Chennai Sangamam (Tamil: சென்னை சங்கமம்) is a large annual open Tamil cultural festival held in the city of Chennai. The festival is organized by the Tamil Maiyam and Department of Tourism and Culture of the Government of Tamil Nadu with the intention of rejuvenating the old village festivals, art and artists. The festival is centered on the occasion of Tamil harvest festival of Pongal, and takes place for a week-long period. The festival is conceived to be the longest and biggest open Festival in India.

==History==

The idea of organizing a festival during Pongal showcasing the culture of Tamil Nadu was conceived by Kanimozhi, Member of Parliament from Tamil Nadu and daughter of M Karunanidhi and Rev.Fr. Jegath Gaspar Raj, founder of Tamil Maiyam, in September 2006. The festival was rolled out in 2007, with patronization of the Government of Tamil Nadu.

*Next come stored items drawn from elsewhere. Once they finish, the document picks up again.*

definition solves_ode :: "complex set \<Rightarrow> nat \<Rightarrow> (nat \<Rightarrow> complex \<Rightarrow> complex)
    \<Rightarrow> (complex \<Rightarrow> complex) \<Rightarrow> bool" where
  "solves_ode \<Omega> k a f \<longleftrightarrow> f holomorphic_on \<Omega> \<and>
     (\<forall>z\<in>\<Omega>. (deriv ^^ k) f z + (\<Sum>j<k-1. a j z * (deriv ^^ j) f z) = 0)"

definition solution_base :: "complex set \<Rightarrow> nat \<Rightarrow> (nat \<Rightarrow> complex \<Rightarrow> complex)
    \<Rightarrow> (nat \<Rightarrow> complex \<Rightarrow> complex) \<Rightarrow> bool" where
  "solution_base \<Omega> k a fs \<longleftrightarrow>
     (\<forall>m\<in>{1..k}. solves_ode \<Omega> k a (fs m)) \<and>
     (\<forall>c::nat \<Rightarrow> complex. (\<forall>z\<in>\<Omega>. (\<Sum>m=1..k. c m * fs m z) = 0) \<longrightarrow> (\<forall>m\<in>{1..k}. c m = 0)) \<and>
     (\<forall>g. solves_ode \<Omega> k a g \<longrightarrow>
        (\<exists>c::nat \<Rightarrow> complex. \<forall>z\<in>\<Omega>. g z = (\<Sum>m=1..k. c m * fs m z)))"

end

theory Submission
  imports Defs "HOL-Computational_Algebra.Formal_Power_Series"
begin

(* Put g = (f o T) h. Leibniz's rule and Faa di Bruno's formula give
   g^(j) = sum_l (f^(l) o T) C_(j,l) with C_(j,l) = sum_i binom(j,i) B_(i,l)(T', T'', ...) h^(j-i),
   a triangular array with diagonal C_(l,l) = T'^l h, which has no zeros. Hence the coefficients
   b_0, ..., b_(k-2) can be solved for, by back substitution, such that the operator with
   coefficients b applied to g is T'^k h times the original operator applied to f; comparing the
   coefficients of f^(l) o T gives the stated identities after division by T'^l h. The coefficient
   of f^(k-1) o T needs no free parameter: differentiating h^2 T'^(k-1) = 1 shows C_(k,k-1) = 0.
   As T is biholomorphic and h has no zeros, f |-> (f o T) h maps the solution space of the first
   equation bijectively onto that of the second, so bases correspond.
   The Bell polynomials are handled through their exponential generating function, which agrees
   with the combinatorial definition by the multinomial theorem. *)

unbundle no vec_syntax

section \<open>Bell polynomials\<close>

lemma fps_power_nth_eq_0:
  fixes f :: "'a::comm_ring_1 fps"
  assumes "f $ 0 = 0" "n < k"
  shows "(f ^ k) $ n = 0"
proof (cases "f = 0")
  case False
  then have "subdegree f \<ge> 1" using assms(1) subdegree_eq_0_iff by (metis less_one not_le)
  then have "n < k * subdegree f" using assms(2) by (metis less_le_trans mult_le_mono2 mult.right_neutral)
  then show ?thesis by (rule fps_pow_nth_below_subdegree)
qed (use assms in \<open>simp add: zero_power\<close>)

== Festival description ==

The festival is organized at various places in Chennai city including beaches, parks, corporation grounds, college / school grounds and shopping malls. The idea to have it in the open parks, beaches and streets was an inspiration from the Bengaluru Habba celebrations. The events that mark the festival include traditional and folk music shows folk dances, martial arts, classical music and dance performances, street plays, drama / theater, etc. Apart from these, food component got added in the second edition of Chennai Sangamam in 2008 where food outlets catering traditional Tamil cuisine also became part of the celebrations. More than 2,000 performers take part in the event which accommodates around 4,000 performances annually.